I finally said to her, “While I appreciate you being worried, you don’t have to be. There isn’t anything Travis could do to me. And, hell, if he went so far as to touch you; well…” I left that in the air.
We heard someone clear their throat, and I looked up as Max shyly stepped back from me.
“Uhhh … Hello, Reap,” Michelle said to me.
I rolled my eyes at what she called me and the fact she interrupted what was sure to end with her lips on mine.
“Hey, Michelle,” I said simply.
She smiled at both of us, as if she knew exactly what she interrupted.
“Hey, girl. Your chariot awaits.”
I frowned.
“You should have told me you needed a ride home. I would’ve taken you.”
I was a little hurt and didn’t have a problem showing it.
Max nodded, and then looked up at me and smiled, “I know you would have. She was already almost here when I finally saw you…I guess I’ll see you on Monday?”
“Okay, I’ll see you then,” I told her, and I watched her leave out the back door.
When I got home, I did my usual: took a cold shower and tried my best not to dream of her. Sunday came, and I lounged around my apartment. I live on Walnut Street in these new apartments close to Penn’s Landing. I bought one of the penthouses as an investment opportunity. I didn’t have plans on living here forever, but when I saw the place I fell in love. Too bad I couldn’t get anything like this in Dallas. When you walked into my apartment, it’s a complete open floor plan with a 270-degree panoramic view of the Delaware River. You first get to a seating area that welcomes you. On the right, there’s an open kitchen with black cabinets, stainless steel appliances, and white granite counter tops. An island separates the dining room from the kitchen, and an open fireplace separates the living area from the dining room. Each corner of the floor plan on the first floor has an outside lounging area. The upstairs is what sold me completely. I know this place will be great in the summer. First there’s an elevator that takes you upstairs. A wet bar and both bedrooms are upstairs. The master bedroom is the best I had seen in a long time. The room has an entire wall of windows that slides open up to a terrace, heated pool, outdoor kitchen, patio, and flat screen TV.
I know it sounds like too much, and it probably is, but I couldn’t resist. Alex shook his head when he first saw it. But now that he’s used to it, I can’t get him to leave sometimes. The place cost me an arm and leg and other body parts. But, as I said before, it’s an investment. I’m sure when I’m gone Alex will try and claim this place as his own in order to impress every chick he’s banging.
I went for a run in the building’s gym for about an hour before I started my day, which consisted of shit. Marc called me in the afternoon, giving me the shit for not making it home yet.
“Bro, what the fuck are you doing?” he asked me.
He was staring at me through my 60-inch smart TV hanging on my living room wall. I slouched on my cream leather couch with just a pair of basketball shorts and sleeveless tee and stared up at the mirror image of me.
“What does it look like I’m doing? Why are you giving me shit?”

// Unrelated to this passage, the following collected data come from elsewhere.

lemma subid_conv: assumes "p \<sqsubseteq> \<one>" shows "p\<^sup>\<smile> = p"
proof -
  have "p \<sqsubseteq> p \<cdot> p\<^sup>\<smile> \<cdot> p"
    by (rule le_comp_conv_comp)
  also have "\<dots> \<sqsubseteq> \<one> \<cdot> p\<^sup>\<smile> \<cdot> \<one>"
    using assms by (intro comp_mono) simp_all
  finally have "p \<sqsubseteq> p\<^sup>\<smile>"
    by (simp add: one_comp comp_one)
  then show ?thesis
    by (metis ba.order.antisym conv_le_iff)
qed

lemma subid_comp_le_inf: "p \<sqsubseteq> \<one> \<Longrightarrow> q \<sqsubseteq> \<one> \<Longrightarrow> p \<cdot> q \<sqsubseteq> p \<sqinter> q"
  by (metis ba.le_inf_iff ba.order.refl one_comp comp_one comp_mono)

lemma subid_idem: assumes "p \<sqsubseteq> \<one>" shows "p \<cdot> p = p"
proof (rule ba.order.antisym)
  show "p \<cdot> p \<sqsubseteq> p"
    using subid_comp_le_inf[OF assms assms] by simp
  have "p \<sqsubseteq> p \<cdot> p\<^sup>\<smile> \<cdot> p"
    by (rule le_comp_conv_comp)
  also have "\<dots> \<sqsubseteq> p \<cdot> p \<cdot> \<one>"
    using assms by (intro comp_mono) (simp_all add: subid_conv)
  finally show "p \<sqsubseteq> p \<cdot> p"
    by (simp add: comp_one)
qed

lemma le_nonzero: "x \<sqsubseteq> y \<Longrightarrow> x \<noteq> \<bottom> \<Longrightarrow> y \<noteq> \<bottom>"
  using ba.le_bot by blast

lemma le_dom_comp: "x \<sqsubseteq> (\<one> \<sqinter> x \<cdot> x\<^sup>\<smile>) \<cdot> x"
  using dedekind_right[of \<one> x x] by (simp add: one_comp)

lemma le_comp_cod: "x \<sqsubseteq> x \<cdot> (\<one> \<sqinter> x\<^sup>\<smile> \<cdot> x)"
  using dedekind[of x \<one> x] by (simp add: comp_one)

lemma comp_nonzero_if_le_cod:
  assumes "q \<sqsubseteq> s\<^sup>\<smile> \<cdot> s" and "q \<noteq> \<bottom>"
  shows "s \<cdot> q \<noteq> \<bottom>"
proof
  assume "s \<cdot> q = \<bottom>"
  have "q = s\<^sup>\<smile> \<cdot> s \<sqinter> q"
    using assms(1) by (simp add: ba.inf.absorb2)
  also have "\<dots> \<sqsubseteq> s\<^sup>\<smile> \<cdot> (s \<sqinter> (s\<^sup>\<smile>)\<^sup>\<smile> \<cdot> q)"
    by (rule dedekind)
  also have "\<dots> = \<bottom>"
    using \<open>s \<cdot> q = \<bottom>\<close> by (simp add: conv_conv comp_bot)
  finally show False
    using assms(2) ba.bot_unique by blast
qed

lemma comp_nonzero_if_le_dom:
  assumes "q \<sqsubseteq> t \<cdot> t\<^sup>\<smile>" and "q \<noteq> \<bottom>"
  shows "q \<cdot> t \<noteq> \<bottom>"
proof
  assume "q \<cdot> t = \<bottom>"
  have "q = t \<cdot> t\<^sup>\<smile> \<sqinter> q"
    using assms(1) by (simp add: ba.inf.absorb2)
  also have "\<dots> \<sqsubseteq> (t \<sqinter> q \<cdot> (t\<^sup>\<smile>)\<^sup>\<smile>) \<cdot> t\<^sup>\<smile>"
    by (rule dedekind_right)
  also have "\<dots> = \<bottom>"
    using \<open>q \<cdot> t = \<bottom>\<close> by (simp add: conv_conv bot_comp)
  finally show False
    using assms(2) ba.bot_unique by blast
qed

lemma cod_inf_dom_nonzero:
  assumes "s \<cdot> t \<noteq> \<bottom>"
  shows "(\<one> \<sqinter> s\<^sup>\<smile> \<cdot> s) \<sqinter> (\<one> \<sqinter> t \<cdot> t\<^sup>\<smile>) \<noteq> \<bottom>"
proof
  let ?c = "\<one> \<sqinter> s\<^sup>\<smile> \<cdot> s" and ?d = "\<one> \<sqinter> t \<cdot> t\<^sup>\<smile>"
  assume "?c \<sqinter> ?d = \<bottom>"
  have "s \<cdot> t \<sqsubseteq> (s \<cdot> ?c) \<cdot> (?d \<cdot> t)"
    by (intro comp_mono le_comp_cod le_dom_comp)
  also have "\<dots> = s \<cdot> (?c \<cdot> ?d) \<cdot> t"
    by (simp add: comp_assoc)
  also have "\<dots> \<sqsubseteq> s \<cdot> (?c \<sqinter> ?d) \<cdot> t"
    by (intro comp_mono ba.order.refl subid_comp_le_inf ba.inf_le1)
  also have "\<dots> = \<bottom>"
    using \<open>?c \<sqinter> ?d = \<bottom>\<close> by (simp add: comp_bot bot_comp)
  finally show False
    using assms ba.bot_unique by blast
qed
theorem proposition6p3:
  fixes N F G :: "real \<Rightarrow> real" and J I :: "real set" and a lam :: real
  assumes "open J" and "is_interval J" and "J \<noteq> {}" and "J \<subseteq> {0<..}"
    and "Cinf_on J N" and "\<forall>r\<in>J. N r > 0"
    and "a \<in> J"
    and "\<forall>r\<in>J. F r = (if a \<le> r then integral {a..r} (\<lambda>\<mu>. 1 / N \<mu>)
                                  else - integral {r..a} (\<lambda>\<mu>. 1 / N \<mu>))"
    and "I = F ` J"
    and "Cinf_on I G" and "\<forall>r\<in>J. G (F r) = r" and "\<forall>t\<in>I. F (G t) = t"
  shows "(\<forall>p :: nat \<Rightarrow> real. p 0 \<in> I \<longrightarrow>
            scalar_curvature 3 (mwp_metric (\<lambda>t. N (G t)) G) p = lam)
         \<longleftrightarrow> (\<exists>c1 c2. \<forall>r\<in>J. (N r)\<^sup>2 = - c1 / r + lam / 6 * r\<^sup>2 + c2)"
proof -
  obtain N' N'' where N': "\<And>r. r \<in> J \<Longrightarrow> (N has_real_derivative N' r) (at r)"
    and N'': "\<And>r. r \<in> J \<Longrightarrow> (N' has_real_derivative N'' r) (at r)"
    using Cinf_on_second_derivative[OF assms(5)] by blast
  obtain G' where "\<And>t. t \<in> I \<Longrightarrow> (G has_real_derivative G' t) (at t)"
    using Cinf_on_second_derivative[OF assms(10)] by blast
  moreover have "continuous_on J N" using N' DERIV_isCont continuous_at_imp_continuous_on by blast
  moreover have "\<And>r. r \<in> J \<Longrightarrow> N r \<noteq> 0" using assms(6) by force
  ultimately have "open (F ` J)" "\<And>t. t \<in> F ` J \<Longrightarrow> (G has_real_derivative N (G t)) (at t)"
    using inverse_of_reciprocal_integral[OF assms(1,2,7) _ _ assms(8,11)] assms(12)
    unfolding assms(9) by blast+
  then have "open I" and G': "\<And>t. t \<in> I \<Longrightarrow> (G has_real_derivative N (G t)) (at t)"
    unfolding assms(9) by blast+
  have "(\<forall>p :: nat \<Rightarrow> real. p 0 \<in> I \<longrightarrow>
            scalar_curvature 3 (mwp_metric (\<lambda>t. N (G t)) G) p = lam)
      \<longleftrightarrow> (\<forall>r\<in>J. 2 * (N' r * N' r + N r * N'' r) + 2 * (2 * N r * N' r) / r = lam)"
  proof (rule eq_const_on_chart_iff)
    show "G ` I = J" using assms(9,11) by force
    show "scalar_curvature 3 (mwp_metric (\<lambda>t. N (G t)) G) p =
        2 * (N' r * N' r + N r * N'' r) + 2 * (2 * N r * N' r) / r" if "p 0 \<in> I" "G (p 0) = r" for p r
      by (rule scalar_curvature_lapse_warped[where J = J])
        (use \<open>open I\<close> G' N' N'' assms(4,6,9,11) that in fastforce)+
  qed
  also have "\<dots> \<longleftrightarrow> (\<exists>c1 c2. \<forall>r\<in>J. (N r)\<^sup>2 = - c1 / r + lam / 6 * r\<^sup>2 + c2)"
    by (rule radial_laplacian_eq_const_iff[where u = "\<lambda>r. (N r)\<^sup>2" and u' = "\<lambda>r. 2 * N r * N' r"
          and u'' = "\<lambda>r. 2 * (N' r * N' r + N r * N'' r)", OF assms(1,2,4)])
      (use N' N'' in \<open>auto intro!: derivative_eq_intros simp: algebra_simps\<close>)
  finally show ?thesis .
qed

“You know why. We have a business to run, and you’ve been gone for what? Almost ten fucking years? It’s time to face life, little bro.”
He was sitting in his “man cave,” as he called it, watching me on the same type of TV. He also wore the same clothes, which meant he just finished working out too.
“So are you saying I’ve been slacking this whole time?”
We always have this argument every time we talk on the phone. I saw him sigh.
“No, you dickwad. I’m just saying you’ve been in the states for what? Two months? When are you coming home?”
I shrugged. “I’m just not ready to come home, Marc. I don’t know how else to explain that to you any more than I already have. I have some shit to work through, or I won’t be the loving, caring brother you know and love.”
I heard a feminine laugh in the distance.
“Shut up, Marie. You know it’s true.”
Marie appeared on the screen and sat next to her husband. Marie and my brother have been married for eight years now. He got married two years after I enlisted. They spawned three adorable kids that I love and miss terribly.
“Your nieces and nephew miss you,” she told me.
One weakness I have that people could exploit would be my nieces—Alexis and Alicia, twin girls who are seven years old and are beautiful—and my man—Marcus Jr., who is five years old. They have hair like my brother and me—thick, blonde locks—but they have their mom’s beautiful green eyes.